Python 3: os.walk() 文件路径 UnicodeEncodeError: 'utf-8' codec can't encode: surrogates not allowed

Question

提问by Collin Anderson

This code:

这段代码：

for root, dirs, files in os.walk('.'):
    print(root)

Gives me this error:

给我这个错误：

UnicodeEncodeError: 'utf-8' codec can't encode character '\udcc3' in position 27: surrogates not allowed

How do I walk through a file tree without getting toxic strings like this?

如何遍历文件树而不会得到这样的有毒字符串？

Answer 1

采纳答案by Mark Tolonen

On Linux, filenames are 'just a bunch of bytes', and are not necessarily encoded in a particular encoding. Python 3 tries to turn everything into Unicode strings. In doing so the developers came up with a scheme to translate byte strings to Unicode strings and back without loss, and without knowing the original encoding. They used partial surrogates to encode the 'bad' bytes, but the normal UTF8 encoder can't handle them when printing to the terminal.
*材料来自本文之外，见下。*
(* After the exchange the only new white vertex is u, and its unique neighbour w in the old
   component is now blue. *)
lemma component_of_exchange_psubset:
  assumes G: "simple_graph V E" and "u \<in> S"
    and w: "{z \<in> component_of (V - S) E x. E u z} = {w}"
    and y: "y \<in> component_of (V - S) E x"
  shows "component_of (V - insert w (S - {u})) E y \<subset> component_of (V - S) E x"
proof -
  have "z \<in> component_of (V - S) E x" if "conn_in (V - insert w (S - {u})) E y z" for z
    using that
  proof (induction rule: conn_in_induct)
    case base
    show ?case by (rule y)
  next
    case (step a b)
    show ?case
    proof (cases "b = u")
      case True
      then have "a \<in> {z \<in> component_of (V - S) E x. E u z}"
        using step simple_graph_sym[OF G] by blast
      then show ?thesis using w step.hyps(1) by blast
    next
      case False
      then show ?thesis using step component_of_closed[of a "V - S" E x b] by blast
    qed
  qed
  moreover have "w \<in> component_of (V - S) E x" using Collect_eq_singletonD[OF w] by simp
  moreover have "w \<notin> component_of (V - insert w (S - {u})) E y"
    by (blast dest: component_of_memD)
  ultimately show ?thesis unfolding mem_component_of[symmetric] by blast
qed

lemma psd_forcing_set_exchange:
  assumes G: "simple_graph V E" and F: "psd_forcing_set V E S" and "u \<in> S"
    and w: "{z \<in> component_of (V - S) E x. E u z} = {w}"
  shows "psd_forcing_set V E (insert w (S - {u}))"
proof -
  let ?C = "component_of (V - S) E x" and ?S' = "insert w (S - {u})"
  have wC: "w \<in> ?C" "E u w" using Collect_eq_singletonD[OF w] by simp_all
  have "w \<in> V - S" using wC(1) by (rule component_of_memD)
  then have S'V: "?S' \<subseteq> V" and uW: "u \<in> V - ?S'"
    using \<open>u \<in> S\<close> psd_forcing_set_subset[OF F] by auto
  have "z = u" if z: "z \<in> component_of (V - ?S') E u" "E w z" for z
  proof (rule ccontr)
    assume "z \<noteq> u"
    then have "z \<in> V - S" using component_of_memD[OF z(1)] by blast
    then have "z \<in> ?C" using component_of_closed[OF wC(1) _ z(2)] by blast
    moreover have "u \<in> component_of (V - ?S') E z"
      using component_of_eq[OF G z(1)] self_in_component_of[OF uW] by simp
    ultimately have "u \<in> ?C" using component_of_exchange_psubset[OF G \<open>u \<in> S\<close> w] by blast
    then have "u \<in> V - S" by (rule component_of_memD)
    then show False using \<open>u \<in> S\<close> by blast
  qed
  then have "{z \<in> component_of (V - ?S') E u. E w z} = {u}"
    using self_in_component_of[OF uW] simple_graph_sym[OF G wC(2)] by blast
  from psd_reach.force[OF psd_reach.start _ uW refl this]
  have "psd_reach V E ?S' (insert u ?S')" by simp
  then show ?thesis by (rule psd_forcing_set_if_reach[OF F S'V]) blast
qed

section \<open>Minimum PSD forcing sets\<close>

lemma Zplus_le_card: "psd_forcing_set V E S \<Longrightarrow> Zplus V E \<le> card S"
  unfolding Zplus_def by (rule Least_le) blast

lemma min_psd_sets_nonempty: "min_psd_sets V E \<noteq> {}"
proof -
  have "psd_forcing_set V E V" unfolding psd_forcing_set_def by (simp add: psd_reach.start)
  then have "\<exists>k S. psd_forcing_set V E S \<and> card S = k" by blast
  then have "\<exists>S. psd_forcing_set V E S \<and> card S = Zplus V E"
    unfolding Zplus_def by (rule LeastI_ex)
  then show ?thesis unfolding min_psd_sets_def by blast
qed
在 Linux 上，文件名“只是一堆字节”，不一定以特定编码进行编码。Python 3 尝试将所有内容转换为 Unicode 字符串。在这样做的过程中，开发人员提出了一种方案，可以将字节字符串转换为 Unicode 字符串并返回而不会丢失，并且不知道原始编码。他们使用部分代理来编码“坏”字节，但是在打印到终端时，普通的 UTF8 编码器无法处理它们。
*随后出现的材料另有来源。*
(* Assume the Objectivity Assumption (for every paper $a$, all reviewers give $a$ the same score vector). Let $p,q \in (1,\infty)$. Then the $L(p,q)$-aggregation method satisfies Consensus. If moreover $p=q$ (so $p=q>1$), the $L(p,q)$-aggregation method satisfies Consistency.
   Context: Peer-review setting: a finite set $\mathcal{R}$ of $n$ reviewers, a finite set $\mathcal{P}$ of $m$ papers, and $d\ge 1$ evaluation criteria. Every reviewer $i$ reviews every paper $a$, giving a score vector $\bar{x}_{ia}\in[0,10]^d$ and a recommendation $y_{ia}\in[0,10]$. A function $h:[0,10]^d\to[0,10]$ is monotonic if $\bar x\le \bar y$ componentwise implies $h(\bar x)\le h(\bar y)$. Each reviewer $i$ has a monotonic $h_i$ with $y_{ia}=h_i(\bar x_{ia})$ for all $a$. The $L(p,q)$-aggregation method ($p,q\in[1,\infty)$): (1) ERM step: find a monotonic $\hat h:[0,10]^d\to[0,10]$ minimizing $\big[\sum_{i\in\mathcal{R}}\big(\sum_{a\in\mathcal{P}}|y_{ia}-h(\bar x_{ia})|^p\big)^{q/p}\big]^{1/q}$ over all monotonic $h$ (only the finitely many values $h(\bar x_{ia})$ matter); among minimizers, the one whose value vector $(\hat h(\bar x_{ia}))_{i,a}$ has smallest Euclidean norm is chosen. Put $\hat y_{ia}=\hat h(\bar x_{ia})$. (2) Aggregation step: the solution $(s_a)_{a\in\mathcal{P}}$ minimizes $\big[\sum_{i\in\mathcal{R}}\big(\sum_{a\in\mathcal{P}}|\hat y_{ia}-s_a|^p\big)^{q/p}\big]^{1/q}$ (ties broken by smallest Euclidean norm). Objectivity Assumption: $\bar x_{ia}=\bar x_{ja}$ for all $i,j\in\mathcal R$ and all $a\in\mathcal P$. Axioms (a method satisfies an axiom if the stated property holds for every admissible data set): Consensus: if for a paper $a$ we have $y_{ia}=y$ for all $i\in\mathcal R$, then $s_a=y$. Paper $a$ dominates paper $b$ if there is a permutation $\pi$ of $\mathcal R$ with $y_{ia}\ge y_{\pi(i)b}$ for all $i$; the domination is strict if at least one of these inequalities is strict. Efficiency: whenever $a$ dominates $b$, $s_a\ge s_b$. Consistency: Efficiency holds and, whenever $a$ strictly dominates $b$, $s_a>s_b$. *)

theory Defs
  imports Complex_Main
begin

(* Reviewers: finite type 'r; papers: finite type 'p; criteria: finite type 'c (d = CARD('c) >= 1).
   Score vectors are functions 'c => real; the order on them is the componentwise order (le_fun). *)

definition in_box :: "('c \<Rightarrow> real) \<Rightarrow> bool" where
  "in_box v \<longleftrightarrow> (\<forall>c. 0 \<le> v c \<and> v c \<le> 10)"

definition monotonic :: "(('c \<Rightarrow> real) \<Rightarrow> real) \<Rightarrow> bool" where
  "monotonic h \<longleftrightarrow> (\<forall>v. in_box v \<longrightarrow> 0 \<le> h v \<and> h v \<le> 10) \<and>
                   (\<forall>v w. in_box v \<longrightarrow> in_box w \<longrightarrow> v \<le> w \<longrightarrow> h v \<le> h w)"

definition admissible ::
  "('r::finite \<Rightarrow> 'p::finite \<Rightarrow> 'c::finite \<Rightarrow> real) \<Rightarrow> ('r \<Rightarrow> 'p \<Rightarrow> real) \<Rightarrow> bool" where
  "admissible x y \<longleftrightarrow> (\<forall>i a. in_box (x i a) \<and> 0 \<le> y i a \<and> y i a \<le> 10) \<and>
                       (\<forall>i. \<exists>h. monotonic h \<and> (\<forall>a. y i a = h (x i a)))"

definition objectivity :: "('r \<Rightarrow> 'p \<Rightarrow> 'c \<Rightarrow> real) \<Rightarrow> bool" where
  "objectivity x \<longleftrightarrow> (\<forall>i j a. x i a = x j a)"

definition Lpq :: "real \<Rightarrow> real \<Rightarrow> ('r::finite \<Rightarrow> 'p::finite \<Rightarrow> real) \<Rightarrow> ('r \<Rightarrow> 'p \<Rightarrow> real) \<Rightarrow> real" where
  "Lpq p q u v = (\<Sum>i\<in>UNIV. (\<Sum>a\<in>UNIV. \<bar>u i a - v i a\<bar> powr p) powr (q / p)) powr (1 / q)"

definition feasible_values ::
  "('r \<Rightarrow> 'p \<Rightarrow> 'c \<Rightarrow> real) \<Rightarrow> ('r \<Rightarrow> 'p \<Rightarrow> real) set" where
  "feasible_values x = {v. \<exists>h. monotonic h \<and> (\<forall>i a. v i a = h (x i a))}"

definition erm_output :: "real \<Rightarrow> real \<Rightarrow> ('r::finite \<Rightarrow> 'p::finite \<Rightarrow> 'c \<Rightarrow> real) \<Rightarrow>
    ('r \<Rightarrow> 'p \<Rightarrow> real) \<Rightarrow> ('r \<Rightarrow> 'p \<Rightarrow> real) \<Rightarrow> bool" where
  "erm_output p q x y yhat \<longleftrightarrow>
     yhat \<in> feasible_values x \<and>
     (\<forall>w\<in>feasible_values x. Lpq p q y yhat \<le> Lpq p q y w) \<and>
     (\<forall>w\<in>feasible_values x. Lpq p q y w = Lpq p q y yhat \<longrightarrow>
        (\<Sum>i\<in>UNIV. \<Sum>a\<in>UNIV. (yhat i a)\<^sup>2) \<le> (\<Sum>i\<in>UNIV. \<Sum>a\<in>UNIV. (w i a)\<^sup>2))"

definition agg_output :: "real \<Rightarrow> real \<Rightarrow> ('r::finite \<Rightarrow> 'p::finite \<Rightarrow> real) \<Rightarrow> ('p \<Rightarrow> real) \<Rightarrow> bool" where
  "agg_output p q yhat s \<longleftrightarrow>
     (\<forall>t. Lpq p q yhat (\<lambda>i a. s a) \<le> Lpq p q yhat (\<lambda>i a. t a)) \<and>
     (\<forall>t. Lpq p q yhat (\<lambda>i a. t a) = Lpq p q yhat (\<lambda>i a. s a) \<longrightarrow>
        (\<Sum>a\<in>UNIV. (s a)\<^sup>2) \<le> (\<Sum>a\<in>UNIV. (t a)\<^sup>2))"

definition Lpq_method :: "real \<Rightarrow> real \<Rightarrow> ('r::finite \<Rightarrow> 'p::finite \<Rightarrow> 'c \<Rightarrow> real) \<Rightarrow>
    ('r \<Rightarrow> 'p \<Rightarrow> real) \<Rightarrow> ('p \<Rightarrow> real) \<Rightarrow> bool" where
  "Lpq_method p q x y s \<longleftrightarrow> (\<exists>yhat. erm_output p q x y yhat \<and> agg_output p q yhat s)"

definition dominates :: "('r \<Rightarrow> 'p \<Rightarrow> real) \<Rightarrow> 'p \<Rightarrow> 'p \<Rightarrow> bool" where
  "dominates y a b \<longleftrightarrow> (\<exists>\<pi>. bij \<pi> \<and> (\<forall>i. y i a \<ge> y (\<pi> i) b))"

definition strictly_dominates :: "('r \<Rightarrow> 'p \<Rightarrow> real) \<Rightarrow> 'p \<Rightarrow> 'p \<Rightarrow> bool" where
  "strictly_dominates y a b \<longleftrightarrow>
     (\<exists>\<pi>. bij \<pi> \<and> (\<forall>i. y i a \<ge> y (\<pi> i) b) \<and> (\<exists>i. y i a > y (\<pi> i) b))"

definition consensus :: "('r \<Rightarrow> 'p \<Rightarrow> real) \<Rightarrow> ('p \<Rightarrow> real) \<Rightarrow> bool" where
  "consensus y s \<longleftrightarrow> (\<forall>a c. (\<forall>i. y i a = c) \<longrightarrow> s a = c)"

definition efficiency :: "('r \<Rightarrow> 'p \<Rightarrow> real) \<Rightarrow> ('p \<Rightarrow> real) \<Rightarrow> bool" where
  "efficiency y s \<longleftrightarrow> (\<forall>a b. dominates y a b \<longrightarrow> s a \<ge> s b)"

definition consistency :: "('r \<Rightarrow> 'p \<Rightarrow> real) \<Rightarrow> ('p \<Rightarrow> real) \<Rightarrow> bool" where
  "consistency y s \<longleftrightarrow> efficiency y s \<and> (\<forall>a b. strictly_dominates y a b \<longrightarrow> s a > s b)"

end

theory Submission
  imports Defs
begin

text \<open>Under objectivity a monotone value vector cannot distinguish reviewers, so the aggregation
step returns the ERM values themselves.

Consensus: if every reviewer gives paper \<open>a\<close> the value \<open>c\<close>, forcing the ERM function to take
the value \<open>c\<close> at \<open>x a\<close> (raising it to at least \<open>c\<close> above \<open>x a\<close>, lowering it to at most \<open>c\<close>
below) keeps it monotone and moves every value towards the reviewers' own monotone scores,
strictly so at \<open>a\<close> unless the value there was already \<open>c\<close>.

Consistency for \<open>p = q\<close>: the loss separates over papers. A minimiser \<open>t\<close> of
\<open>\<Sum>\<^sub>i \<bar>Y\<^sub>i - t\<bar>\<^sup>p\<close> is a root of the strictly decreasing function
\<open>t \<mapsto> \<Sum>\<^sub>i sgn (Y\<^sub>i - t) \<bar>Y\<^sub>i - t\<bar>\<^sup>p\<^sup>-\<^sup>1\<close>, hence monotone in \<open>Y\<close>, strictly
so when \<open>Y\<close> increases strictly somewhere, and invariant under permutations of the reviewers.
Monotonicity makes the paper-wise minimisers a feasible ERM candidate, so ERM attains them on
every paper, and the other two properties give consistency.\<close>

definition signed_powr :: "real \<Rightarrow> real \<Rightarrow> real" where
  "signed_powr u r = sgn u * \<bar>u\<bar> powr r"

lemma has_real_derivative_abs_powr:
  assumes p: "1 < p"
  shows "((\<lambda>u. \<bar>u\<bar> powr p) has_real_derivative p * signed_powr u (p - 1)) (at u)"
proof -
  consider "u = 0" | "0 < u" | "u < 0" by linarith
  then show ?thesis
  proof cases
    case 1
    have bound: "\<bar>\<bar>h\<bar> powr p / h\<bar> \<le> \<bar>h\<bar> powr (p - 1)" for h :: real
    proof (cases "h = 0")
      case False
      then have "\<bar>h\<bar> powr p = \<bar>h\<bar> * \<bar>h\<bar> powr (p - 1)"
        by (metis abs_ge_zero add.commute diff_add_cancel powr_add powr_one)
      then show ?thesis using False by (simp add: abs_mult)
    qed simp
    have "((\<lambda>h. \<bar>h\<bar> powr (p - 1)) \<longlongrightarrow> 0) (at (0::real))"
      using p by (intro tendsto_zero_powrI tendsto_intros) (auto intro: tendsto_eq_intros)
    moreover have "\<forall>\<^sub>F h in at 0. norm ((\<bar>0 + h\<bar> powr p - \<bar>0\<bar> powr p) / h) \<le> norm (\<bar>h\<bar> powr (p - 1)) * 1"
      using bound by (auto intro!: always_eventually)
    ultimately have "((\<lambda>h. (\<bar>0 + h\<bar> powr p - \<bar>0\<bar> powr p) / h) \<longlongrightarrow> 0) (at 0)"
      by (rule tendsto_0_le)
    then show ?thesis using 1 p by (simp add: has_field_derivative_iff signed_powr_def)
  next
    case 2
    have "eventually (\<lambda>v. \<bar>v\<bar> powr p = v powr p) (nhds u)"
      using eventually_nhds_in_open[of "{0<..}" u] 2 by (auto elim!: eventually_mono)
    then show ?thesis
      using has_real_derivative_powr[OF 2, of p] 2
      by (subst DERIV_cong_ev[OF refl]) (auto simp: signed_powr_def)
  next
    case 3
    have "eventually (\<lambda>v. \<bar>v\<bar> powr p = (- v) powr p) (nhds u)"
      using eventually_nhds_in_open[of "{..<0}" u] 3 by (auto elim!: eventually_mono)
    moreover have "((\<lambda>v. (- v) powr p) has_real_derivative p * (- u) powr (p - 1) * (- 1)) (at u)"
      using 3 by (auto intro!: derivative_eq_intros)
    ultimately show ?thesis
      using 3 by (subst DERIV_cong_ev[OF refl]) (auto simp: signed_powr_def)
  qed
qed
For example, here's a non-UTF8 byte string:

例如，这是一个非 UTF8 字节字符串：

>>> b'C\xc3N'.decode('utf8','surrogateescape')
'C\udcc3N'

It can be converted to and from Unicode without loss:

它可以在不丢失的情况下与 Unicode 相互转换：

>>> b'C\xc3N'.decode('utf8','surrogateescape').encode('utf8','surrogateescape')
b'C\xc3N'

But it can't be printed:

但是不能打印：

>>> print(b'C\xc3N'.decode('utf8','surrogateescape'))
Traceback (most recent call last):
  File "<stdin>", line 1, in <module>
UnicodeEncodeError: 'utf-8' codec can't encode character '\udcc3' in position 1: surrogates not allowed

You'll have to figure out what you want to do with file names with non-default encodings. Perhaps just encoding them back to original bytes and decode them with unknown replacement. Use this for display but keep the original name to access the file.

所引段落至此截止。